Corresponding Author Email: 
mohanrajupu@yahoo.com
Page: 
169-174
|
DOI: 
https://doi.org/10.18280/eesrj.070407
Received: 
18 September 2020
|
Revised: 
15 November 2020
|
Accepted: 
23 November 2020
|
Available online: 
31 December 2020
| Citation

© 2020 IIETA. This article is published by IIETA and is licensed under the CC BY 4.0 license (http://creativecommons.org/licenses/by/4.0/).

OPEN ACCESS

Abstract: 

Seagrasses are unique marine flowering plants that play an important ecological role by yielding primary production and carbon sequestration to the marine environment. Seagrass ecosystems are rich in organic matter, supporting the growth of bio-medically important epi and endophytic microorganisms and harbor rich marine biodiversity. They are an essential food source for endangered Andaman state animal Dugongs. Seagrasses are very sensitive to water quality changes, and therefore they serve as ecological bio-indicators for environmental changes. The benthic components in and around the seagrass beds support a significant food chain for other Micro and organisms apart from fishery resources. The epiphytic bacterial communities of the leaf blades support the sustenance against the diseases. Recent reports have shown that the loss of seagrass beds in tropical and temperate regions emphasizes the depletion of these resources, and proper management of seagrass is urgent. The decline of seagrass will impact primary production, biodiversity, and adjacent ecosystems, such as reefs. Therefore, restoring the seagrass meadows could be possible with effective implementing management programs, including seagrass meadows in marine protected areas, restoration projects, seagrass transplantation, implementation of legislative rules, monitoring coastal water quality and human activities in the coastal zone. Lacunas on the seagrass ecosystem management in Andaman & Nicobar Islands are addressed.

Keywords: 

seagrass, species diversity, management, Andaman & Nicobar Islands

1. Introduction

The world ocean species diversity comprises around 230,000 marine species [1], and 91% of marine diversity is not yet described [2]. Among these diverse groups of marine organisms, seagrasses are a critical lesser-known group that plays a crucial role in maintaining ocean health. Seagrasses evolved around 100 million years ago, and presently about 72 different species belonging to four major groups of Cymodoceaceae, Hydrocharitaceae, Posidoniaceae, and Zosteraceae have were reported [3]. Seagrasses are submerged marine flowering plants with a true root system, veins, seeds, fruits, and their population is limited by asexual and sexual reproduction. They are globally distributed in intertidal to subtidal regions on different substrata types such as sandy, loamy, silt to clay, and coral rubbles [4]. They are found to occur at a maximum depth of 86m (H. decipiens) and grow up to a maximum size of about 7m (Zostera caulescens) [5].
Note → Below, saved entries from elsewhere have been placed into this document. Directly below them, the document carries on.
(* Let $v\in\mathcal{Z}^1$. Then the limit $\mathcal{P}(v)=\lim_{R\to+\infty}\frac12\int_{-R}^R\langle iv,v'\rangle$ exists. Moreover, if $v\in\tilde{\mathcal{Z}}^1$, writing $v=\varrho e^{i\varphi}$ on $\mathbb{R}$ with $\varrho=|v|>0$ and $\varphi$ a continuous real lift of the phase, the limits $\varphi(\pm\infty)$ exist, $(\varrho^2-1)\varphi'\in L^1(\mathbb{R})$, and $$\mathcal{P}(v)=\frac12\int_\mathbb{R}(\varrho^2-1)\varphi'+\frac12\big(\varphi(+\infty)-\varphi(-\infty)\big).$$
   Context: $\mathcal{X}^1=\{w\in L^\infty(\mathbb{R};\mathbb{C}):\ w'\in L^2,\ 1-|w|^2\in L^2\}$; $\mathcal{Z}^1=\{v\in\mathcal{X}^1:\ \lim_{x\to\pm\infty}v(x)\text{ exist}\}$; $\tilde{\mathcal{Z}}^1=\{v\in\mathcal{Z}^1:\ |v(x)|>0\ \forall x\in\mathbb{R}\}$. $\langle a,b\rangle=\mathrm{Re}(a\bar b)$. *)

theory Defs
  imports "HOL-Analysis.Analysis"
begin

text \<open>g is a (weak) derivative of f in the sense of W^{1,1}_loc, with f the continuous
  (locally absolutely continuous) representative: f y - f x = integral of g over [x,y].\<close>
definition weak_deriv :: "(real \<Rightarrow> 'a::{banach,second_countable_topology}) \<Rightarrow> (real \<Rightarrow> 'a) \<Rightarrow> bool" where
  "weak_deriv f g \<longleftrightarrow>
     (\<forall>x y. x \<le> y \<longrightarrow> set_integrable lborel {x..y} g \<and> f y - f x = (LINT t:{x..y}|lborel. g t))"

text \<open>X^1: v in L^infty, v' in L^2, 1 - |v|^2 in L^2 (dv plays the role of v').\<close>
definition X1 :: "(real \<Rightarrow> complex) \<Rightarrow> (real \<Rightarrow> complex) \<Rightarrow> bool" where
  "X1 v dv \<longleftrightarrow> bounded (range v) \<and> weak_deriv v dv \<and> dv \<in> borel_measurable lborel
     \<and> integrable lborel (\<lambda>x. (cmod (dv x))\<^sup>2)
     \<and> integrable lborel (\<lambda>x. (1 - (cmod (v x))\<^sup>2)\<^sup>2)"

definition Z1 :: "(real \<Rightarrow> complex) \<Rightarrow> (real \<Rightarrow> complex) \<Rightarrow> bool" where
  "Z1 v dv \<longleftrightarrow> X1 v dv \<and> (\<exists>l. (v \<longlongrightarrow> l) at_top) \<and> (\<exists>l. (v \<longlongrightarrow> l) at_bot)"

definition Z1_tilde :: "(real \<Rightarrow> complex) \<Rightarrow> (real \<Rightarrow> complex) \<Rightarrow> bool" where
  "Z1_tilde v dv \<longleftrightarrow> Z1 v dv \<and> (\<forall>x. cmod (v x) > 0)"

definition cinner :: "complex \<Rightarrow> complex \<Rightarrow> real" where
  "cinner a b = Re (a * cnj b)"

end

theory Submission
  imports Defs
begin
Seagrass ecosystems critically influence the adjacent community structure, food web, nutrient cycling, and water quality. Unlike coral reefs and mangroves, seagrass ecosystems are comparatively high in productivity [6], supporting the growth of commercial/ recreational fishery resources [7], and other groups of marine organisms [8]. Significantly seagrass meadows are well known for the occurrence of endangered megaherbivores like turtles, dugongs, and manatees, indicating the intrinsic importance of these meadows [5].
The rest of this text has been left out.